Written By Jesse Sampson And Presented By Chuck Leaver CEO Ziften
In the first post on edit distance, we took a look at hunting for malicious executables with edit distance (i.e., how many character modifications it takes to make two matching text strings). Now let’s take a look at how we can utilize edit distance to search for destructive domains, and how we can utilize edit distance functions that can be integrated with other domain functions to identify suspect activity.
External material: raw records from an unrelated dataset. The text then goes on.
lemma sigma_le_sigma_transpose: "sigma X i \<le> sigma (transpose_mat X) i"
proof -
  define r c where "r = dim_row X" and "c = dim_col X"
  have X: "X \<in> carrier_mat r c" and G: "transpose_mat X * X \<in> carrier_mat c c"
    unfolding r_def c_def by auto
  obtain u d where eb: "sorted_eigenbasis (transpose_mat X * X) c u d"
    and d_nonneg: "\<And>j. j < c \<Longrightarrow> 0 \<le> d j"
    and sg: "\<And>i. sigma X i = (if 1 \<le> i \<and> i \<le> c then sqrt (d (i - 1)) else 0)"
    by (rule sigma_gram_sorted_eigenbasis[OF X]) blast
  show ?thesis
  proof (cases "1 \<le> i \<and> i \<le> c \<and> 0 < d (i - 1)")
    case False
    then have "sigma X i = 0" using sg[of i] d_nonneg[of "i - 1"] by auto
    then show ?thesis using sigma_nonneg by simp
  next
    case True
    then have i: "1 \<le> i" and ic: "i \<le> c" and d_pos: "0 < d (i - 1)" by auto
    obtain V where V: "V \<in> carrier_mat c i" "\<forall>y\<in>carrier_vec i. V *\<^sub>v y = 0\<^sub>v c \<longrightarrow> y = 0\<^sub>v i"
      and coords: "\<And>y j. y \<in> carrier_vec i \<Longrightarrow> j < c \<Longrightarrow> u j \<bullet> (V *\<^sub>v y) = (if j < i then y $ j else 0)"
      using leading_basis_vectors_mat[OF sorted_eigenbasis_orthonormal[OF G eb] ic] by blast
    have XV: "(X * V) *\<^sub>v y = X *\<^sub>v (V *\<^sub>v y)" if "y \<in> carrier_vec i" for y
      using assoc_mult_mat_vec[OF X V(1) that] .
    have supp: "u j \<bullet> (V *\<^sub>v y) = 0" if "y \<in> carrier_vec i" "j < c" "i - 1 < j" for y j
      using coords[OF that(1,2)] that(3) by simp
    \<comment> \<open>the image under X of the span of the top i eigenvectors of X^T X witnesses the bound for X^T\<close>
    have "sqrt (d (i - 1)) \<le> sigma (transpose_mat X) i"
    proof (rule sigma_ge_if_subspace[of _ c r "X * V"])
      show "transpose_mat X \<in> carrier_mat c r" "X * V \<in> carrier_mat r i" "1 \<le> i" "0 \<le> sqrt (d (i - 1))"
        using X V i d_pos by auto
      show "\<forall>y\<in>carrier_vec i. (X * V) *\<^sub>v y = 0\<^sub>v r \<longrightarrow> y = 0\<^sub>v i"
      proof (intro ballI impI)
        fix y :: "real vec" assume y: "y \<in> carrier_vec i" and "(X * V) *\<^sub>v y = 0\<^sub>v r"
        moreover have "d (i - 1) * ((V *\<^sub>v y) \<bullet> (V *\<^sub>v y)) \<le> (X *\<^sub>v (V *\<^sub>v y)) \<bullet> (X *\<^sub>v (V *\<^sub>v y))"
          by (rule gram_norm_ge_on_leading_span(1)[OF X eb _ _ supp[OF y]]) (use i ic V y in auto)
        ultimately have "d (i - 1) * ((V *\<^sub>v y) \<bullet> (V *\<^sub>v y)) \<le> 0"
          using XV[OF y] by simp
        moreover have "V *\<^sub>v y \<in> carrier_vec c" using V y by simp
        ultimately have "V *\<^sub>v y = 0\<^sub>v c"
          using d_pos real_sprod_self_pos by (meson mult_pos_pos not_le)
        then show "y = 0\<^sub>v i" using V(2) y by blast
      qed
      show "(sqrt (d (i - 1)))\<^sup>2 * (((X * V) *\<^sub>v y) \<bullet> ((X * V) *\<^sub>v y))
          \<le> (transpose_mat X *\<^sub>v ((X * V) *\<^sub>v y)) \<bullet> (transpose_mat X *\<^sub>v ((X * V) *\<^sub>v y))"
        if y: "y \<in> carrier_vec i" for y
        unfolding XV[OF y] using gram_norm_ge_on_leading_span(2)[OF X eb _ _ supp[OF y]] i ic V y d_pos by simp
    qed
    then show ?thesis using sg[of i] i ic by simp
  qed
qed

lemma sigma_transpose: "sigma (transpose_mat X) i = sigma X i"
  using sigma_le_sigma_transpose[of X i] sigma_le_sigma_transpose[of "transpose_mat X" i] by simp

lemma diagonal_mat_norm_ge:
  fixes S :: "real mat"
  assumes S: "S \<in> carrier_mat l l" "diagonal_mat S" and s: "0 \<le> s" "\<And>j. j < l \<Longrightarrow> s \<le> S $$ (j, j)"
    and z: "z \<in> carrier_vec l"
  shows "s\<^sup>2 * (z \<bullet> z) \<le> (S *\<^sub>v z) \<bullet> (S *\<^sub>v z)"
proof -
  have Sz: "(S *\<^sub>v z) $ j = S $$ (j, j) * z $ j" if j: "j < l" for j
  proof -
    have "(S *\<^sub>v z) $ j = (\<Sum>k\<in>{0..<l}. S $$ (j, k) * z $ k)"
      using S z j by (simp add: mult_mat_vec_def scalar_prod_def)
    also have "\<dots> = (\<Sum>k\<in>{0..<l}. if k = j then S $$ (j, j) * z $ j else 0)"
      by (rule sum.cong[OF refl]) (use S j in \<open>auto simp: diagonal_mat_def\<close>)
    finally show ?thesis using j by simp
  qed
  have "s\<^sup>2 * (z \<bullet> z) = (\<Sum>j\<in>{0..<l}. s\<^sup>2 * (z $ j)\<^sup>2)"
    using z by (simp add: scalar_prod_def sum_distrib_left power2_eq_square)
  also have "\<dots> \<le> (\<Sum>j\<in>{0..<l}. (S $$ (j, j) * z $ j)\<^sup>2)"
    by (rule sum_mono) (use s in \<open>auto simp: power_mult_distrib intro!: mult_right_mono power_mono\<close>)
  also have "\<dots> = (\<Sum>j\<in>{0..<l}. (S *\<^sub>v z) $ j * (S *\<^sub>v z) $ j)"
    by (rule sum.cong[OF refl]) (simp add: Sz power2_eq_square)
  also have "\<dots> = (S *\<^sub>v z) \<bullet> (S *\<^sub>v z)"
    using S unfolding scalar_prod_def by simp
  finally show ?thesis .
qed

lemma econ_svd_last_le_sigma:
  assumes svd: "econ_svd B Q' S W m l" and l: "0 < l"
  shows "S $$ (l - 1, l - 1) \<le> sigma B l"
proof -
  from svd have Q': "Q' \<in> carrier_mat m l" "transpose_mat Q' * Q' = 1\<^sub>m l"
    and W: "W \<in> carrier_mat l l" "transpose_mat W * W = 1\<^sub>m l"
    and S: "S \<in> carrier_mat l l" "diagonal_mat S" and S_nonneg: "\<forall>i<l. 0 \<le> S $$ (i, i)"
    and S_antimono: "\<forall>i j. i \<le> j \<longrightarrow> j < l \<longrightarrow> S $$ (j, j) \<le> S $$ (i, i)"
    and B: "B = Q' * S * transpose_mat W"
    unfolding econ_svd_def orthonormal_cols_def by auto
  let ?s = "S $$ (l - 1, l - 1)"
  have WT: "transpose_mat W \<in> carrier_mat l l" "transpose_mat (transpose_mat W) * transpose_mat W = 1\<^sub>m l"
    using W mat_mult_left_right_inverse[of "transpose_mat W" l W] by auto
  show ?thesis
  proof (rule sigma_ge_if_subspace[of B m l "1\<^sub>m l" l])
    show "B \<in> carrier_mat m l"
      unfolding B using Q' S W by (intro mult_carrier_mat[of _ m l]) auto
    show "1\<^sub>m l \<in> carrier_mat l l" "1 \<le> l" "0 \<le> ?s"
      using l S_nonneg by auto
    show "\<forall>y\<in>carrier_vec l. 1\<^sub>m l *\<^sub>v y = 0\<^sub>v l \<longrightarrow> y = (0\<^sub>v l :: real vec)"
      by simp
    fix y :: "real vec" assume y: "y \<in> carrier_vec l"
    define z where "z = transpose_mat W *\<^sub>v y"
    have z: "z \<in> carrier_vec l" unfolding z_def using W y by simp
    have "B *\<^sub>v y = (Q' * S) *\<^sub>v z"
      unfolding B z_def by (rule assoc_mult_mat_vec[of _ m l _ l]) (use Q' S W y in auto)
    also have "\<dots> = Q' *\<^sub>v (S *\<^sub>v z)"
      by (rule assoc_mult_mat_vec[of _ m l _ l]) (use Q' S z in auto)
    finally have "(B *\<^sub>v y) \<bullet> (B *\<^sub>v y) = (S *\<^sub>v z) \<bullet> (S *\<^sub>v z)"
      using isometry_sprod[OF Q'] S z by simp
    moreover have "y \<bullet> y = z \<bullet> z"
      unfolding z_def using isometry_sprod[OF WT y y] by simp
    moreover have "?s\<^sup>2 * (z \<bullet> z) \<le> (S *\<^sub>v z) \<bullet> (S *\<^sub>v z)"
      using diagonal_mat_norm_ge[OF S] S_nonneg S_antimono l z by simp
    ultimately show "?s\<^sup>2 * ((1\<^sub>m l *\<^sub>v y) \<bullet> (1\<^sub>m l *\<^sub>v y)) \<le> (B *\<^sub>v (1\<^sub>m l *\<^sub>v y)) \<bullet> (B *\<^sub>v (1\<^sub>m l *\<^sub>v y))"
      using y by simp
  qed
qed

section \<open>The shifted subspace iteration\<close>

lemma smult_mat_mult_vec:
  fixes Q :: "'a :: comm_semiring_0 mat"
  assumes "Q \<in> carrier_mat m l" "p \<in> carrier_vec l"
  shows "(c \<cdot>\<^sub>m Q) *\<^sub>v p = c \<cdot>\<^sub>v (Q *\<^sub>v p)"
  using assms by (intro eq_vecI) (auto simp: mult_mat_vec_def scalar_prod_def sum_distrib_left algebra_simps)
Background to this Case Study
What are bad actors doing with malicious domains? It may be merely using a similar spelling of a common domain name to fool careless users into viewing advertisements or picking up adware. Genuine sites are gradually picking up on this strategy, in some cases called typo-squatting.
Other harmful domains are the product of domain generation algorithms, which can be used to do all kinds of dubious things like avert countermeasures that obstruct known jeopardized sites, or overwhelm domain servers in a dispersed DOS attack. Older versions use randomly-generated strings, while more advanced ones include tricks like injecting typical words, further confusing defenders.
Edit distance can assist with both usage cases: here we will find out how. Initially, we’ll exclude common domain names, considering that these are typically safe. And, a list of typical domain names supplies a baseline for discovering anomalies. One good source is Quantcast. For this discussion, we will stay with domain names and prevent subdomains (e.g. ziften.com, not www.ziften.com).
After data cleansing, we compare each candidate domain name (input data observed in the wild by Ziften) to its potential next-door neighbors in the exact same top level domain (the last part of a domain name – classically.com,. org, and so on but now can be nearly anything). The fundamental task is to discover the nearby neighbor in regards to edit distance. By finding domain names that are one step away from their closest neighbor, we can easily identify typo-ed domain names. By discovering domain names far from their neighbor (the stabilized edit distance we presented in the first post is beneficial here), we can likewise discover anomalous domain names in the edit distance space.
What were the Results?
Let’s take a look at how these results appear in real life. Be careful when browsing to these domains since they could include destructive material!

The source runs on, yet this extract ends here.